→ **ABOUT THIS TASK**
Using the data below, gather each line that includes the word "rule".

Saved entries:
__________
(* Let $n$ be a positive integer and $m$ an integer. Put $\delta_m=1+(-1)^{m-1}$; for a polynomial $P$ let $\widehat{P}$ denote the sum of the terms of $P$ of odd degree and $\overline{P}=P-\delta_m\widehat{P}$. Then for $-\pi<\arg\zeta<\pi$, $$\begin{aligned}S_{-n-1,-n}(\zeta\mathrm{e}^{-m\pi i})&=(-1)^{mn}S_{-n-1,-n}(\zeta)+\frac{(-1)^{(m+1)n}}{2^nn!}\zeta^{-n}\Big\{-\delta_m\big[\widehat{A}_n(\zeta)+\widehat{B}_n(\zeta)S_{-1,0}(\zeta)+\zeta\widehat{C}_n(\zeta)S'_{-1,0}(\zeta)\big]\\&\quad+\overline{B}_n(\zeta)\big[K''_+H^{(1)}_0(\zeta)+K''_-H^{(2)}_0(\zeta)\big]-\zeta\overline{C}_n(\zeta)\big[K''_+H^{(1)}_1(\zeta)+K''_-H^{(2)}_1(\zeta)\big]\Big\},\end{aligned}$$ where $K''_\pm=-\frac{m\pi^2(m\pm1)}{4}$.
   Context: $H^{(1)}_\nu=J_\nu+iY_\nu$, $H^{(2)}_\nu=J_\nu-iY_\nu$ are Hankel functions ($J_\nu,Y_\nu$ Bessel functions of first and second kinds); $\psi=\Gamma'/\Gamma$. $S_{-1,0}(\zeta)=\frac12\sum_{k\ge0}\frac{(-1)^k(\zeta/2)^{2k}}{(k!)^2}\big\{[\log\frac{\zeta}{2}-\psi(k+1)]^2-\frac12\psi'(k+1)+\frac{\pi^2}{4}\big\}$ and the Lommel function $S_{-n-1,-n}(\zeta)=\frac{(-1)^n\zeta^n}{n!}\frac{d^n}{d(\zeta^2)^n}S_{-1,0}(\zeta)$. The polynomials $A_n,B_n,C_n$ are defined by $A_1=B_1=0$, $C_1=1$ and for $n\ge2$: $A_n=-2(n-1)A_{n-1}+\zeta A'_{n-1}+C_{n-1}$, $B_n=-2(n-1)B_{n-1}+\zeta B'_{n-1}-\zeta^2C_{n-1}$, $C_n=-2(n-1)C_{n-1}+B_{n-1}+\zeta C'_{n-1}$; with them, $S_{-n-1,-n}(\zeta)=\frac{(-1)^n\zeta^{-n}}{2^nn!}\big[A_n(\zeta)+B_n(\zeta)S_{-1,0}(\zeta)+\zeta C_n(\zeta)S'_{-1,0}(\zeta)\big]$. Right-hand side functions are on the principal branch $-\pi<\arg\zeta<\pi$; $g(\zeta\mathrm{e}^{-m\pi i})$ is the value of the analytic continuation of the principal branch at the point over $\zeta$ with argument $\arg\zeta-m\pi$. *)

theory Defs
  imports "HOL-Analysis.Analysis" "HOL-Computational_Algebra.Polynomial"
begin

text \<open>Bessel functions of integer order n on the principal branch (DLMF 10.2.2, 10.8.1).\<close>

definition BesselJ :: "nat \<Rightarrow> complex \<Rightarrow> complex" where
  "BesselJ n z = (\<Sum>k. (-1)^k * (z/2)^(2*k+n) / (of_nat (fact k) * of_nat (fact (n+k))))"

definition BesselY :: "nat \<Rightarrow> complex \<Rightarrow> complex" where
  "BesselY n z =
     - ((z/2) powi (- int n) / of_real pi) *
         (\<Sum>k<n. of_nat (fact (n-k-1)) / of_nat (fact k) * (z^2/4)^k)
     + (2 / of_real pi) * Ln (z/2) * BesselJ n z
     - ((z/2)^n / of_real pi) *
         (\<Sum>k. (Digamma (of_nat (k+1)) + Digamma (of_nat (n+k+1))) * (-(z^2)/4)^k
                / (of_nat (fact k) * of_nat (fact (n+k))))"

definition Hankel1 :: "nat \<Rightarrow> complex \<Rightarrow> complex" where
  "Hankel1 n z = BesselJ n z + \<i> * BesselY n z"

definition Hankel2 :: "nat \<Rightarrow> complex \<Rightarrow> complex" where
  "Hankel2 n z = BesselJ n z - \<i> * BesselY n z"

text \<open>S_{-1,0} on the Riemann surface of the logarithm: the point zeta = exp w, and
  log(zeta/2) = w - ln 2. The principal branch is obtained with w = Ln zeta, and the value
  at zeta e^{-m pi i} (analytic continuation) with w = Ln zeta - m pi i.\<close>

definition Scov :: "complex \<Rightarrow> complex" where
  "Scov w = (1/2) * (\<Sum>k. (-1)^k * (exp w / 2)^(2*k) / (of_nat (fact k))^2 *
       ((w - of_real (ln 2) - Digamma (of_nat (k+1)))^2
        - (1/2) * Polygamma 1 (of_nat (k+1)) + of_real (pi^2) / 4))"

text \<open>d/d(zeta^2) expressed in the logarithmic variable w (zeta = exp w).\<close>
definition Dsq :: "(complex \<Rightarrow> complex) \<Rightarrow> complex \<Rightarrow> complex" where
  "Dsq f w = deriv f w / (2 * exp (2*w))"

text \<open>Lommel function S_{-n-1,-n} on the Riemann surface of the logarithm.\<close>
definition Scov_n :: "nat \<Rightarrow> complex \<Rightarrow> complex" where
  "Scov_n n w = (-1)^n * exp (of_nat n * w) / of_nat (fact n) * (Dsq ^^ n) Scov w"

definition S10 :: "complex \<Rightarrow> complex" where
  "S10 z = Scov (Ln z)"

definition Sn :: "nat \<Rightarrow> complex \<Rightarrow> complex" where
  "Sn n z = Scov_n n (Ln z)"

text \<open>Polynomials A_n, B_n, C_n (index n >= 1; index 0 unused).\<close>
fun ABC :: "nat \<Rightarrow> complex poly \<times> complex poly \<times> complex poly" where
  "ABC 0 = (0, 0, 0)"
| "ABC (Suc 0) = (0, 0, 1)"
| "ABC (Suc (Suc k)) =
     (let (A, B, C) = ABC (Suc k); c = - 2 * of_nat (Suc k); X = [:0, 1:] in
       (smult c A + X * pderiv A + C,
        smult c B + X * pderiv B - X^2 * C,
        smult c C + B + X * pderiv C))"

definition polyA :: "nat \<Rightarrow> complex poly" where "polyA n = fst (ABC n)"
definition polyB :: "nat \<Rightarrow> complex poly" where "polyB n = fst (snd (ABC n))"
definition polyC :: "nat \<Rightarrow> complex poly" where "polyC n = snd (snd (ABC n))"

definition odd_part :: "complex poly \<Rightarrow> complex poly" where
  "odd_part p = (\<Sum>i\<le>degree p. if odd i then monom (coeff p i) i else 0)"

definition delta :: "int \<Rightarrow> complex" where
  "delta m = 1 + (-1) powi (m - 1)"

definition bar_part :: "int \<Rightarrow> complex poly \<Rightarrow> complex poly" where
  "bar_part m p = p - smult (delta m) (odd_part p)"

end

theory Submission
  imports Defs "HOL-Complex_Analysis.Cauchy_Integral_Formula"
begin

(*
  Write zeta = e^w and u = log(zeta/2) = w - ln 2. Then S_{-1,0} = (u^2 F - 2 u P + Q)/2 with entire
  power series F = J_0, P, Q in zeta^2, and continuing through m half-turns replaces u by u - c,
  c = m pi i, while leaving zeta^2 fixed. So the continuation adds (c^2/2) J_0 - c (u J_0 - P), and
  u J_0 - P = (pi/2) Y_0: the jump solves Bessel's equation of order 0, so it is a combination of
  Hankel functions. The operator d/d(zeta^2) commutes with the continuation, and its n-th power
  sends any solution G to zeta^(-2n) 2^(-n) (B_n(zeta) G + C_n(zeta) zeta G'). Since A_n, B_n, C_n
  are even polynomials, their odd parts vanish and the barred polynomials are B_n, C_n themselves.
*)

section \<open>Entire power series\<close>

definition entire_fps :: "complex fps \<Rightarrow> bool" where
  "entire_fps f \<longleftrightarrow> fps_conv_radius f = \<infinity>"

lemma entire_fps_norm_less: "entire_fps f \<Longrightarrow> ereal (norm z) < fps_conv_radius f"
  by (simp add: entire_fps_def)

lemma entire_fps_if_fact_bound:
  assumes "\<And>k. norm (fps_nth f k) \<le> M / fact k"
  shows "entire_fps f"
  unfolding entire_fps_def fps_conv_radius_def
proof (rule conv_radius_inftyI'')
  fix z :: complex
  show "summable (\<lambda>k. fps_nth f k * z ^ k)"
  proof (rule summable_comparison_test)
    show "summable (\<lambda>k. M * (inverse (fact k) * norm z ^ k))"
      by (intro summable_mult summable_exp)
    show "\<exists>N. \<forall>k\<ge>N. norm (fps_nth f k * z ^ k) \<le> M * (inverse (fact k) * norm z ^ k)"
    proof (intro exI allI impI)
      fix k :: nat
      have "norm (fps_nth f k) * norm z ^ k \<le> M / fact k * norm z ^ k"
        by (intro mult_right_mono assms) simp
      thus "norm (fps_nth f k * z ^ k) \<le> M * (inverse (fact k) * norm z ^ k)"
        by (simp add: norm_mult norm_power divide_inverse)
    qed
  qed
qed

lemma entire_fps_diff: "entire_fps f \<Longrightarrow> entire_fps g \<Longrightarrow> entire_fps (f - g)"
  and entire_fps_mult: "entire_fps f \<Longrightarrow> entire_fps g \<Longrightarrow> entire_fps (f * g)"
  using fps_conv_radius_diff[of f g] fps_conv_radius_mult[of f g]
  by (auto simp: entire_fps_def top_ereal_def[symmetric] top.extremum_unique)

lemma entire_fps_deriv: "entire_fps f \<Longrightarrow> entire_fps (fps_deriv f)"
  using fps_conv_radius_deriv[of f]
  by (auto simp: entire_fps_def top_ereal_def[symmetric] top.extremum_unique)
__________
→ **RESPONSE AREA**
proof (rule conv_radius_inftyI'')
  proof (rule summable_comparison_test)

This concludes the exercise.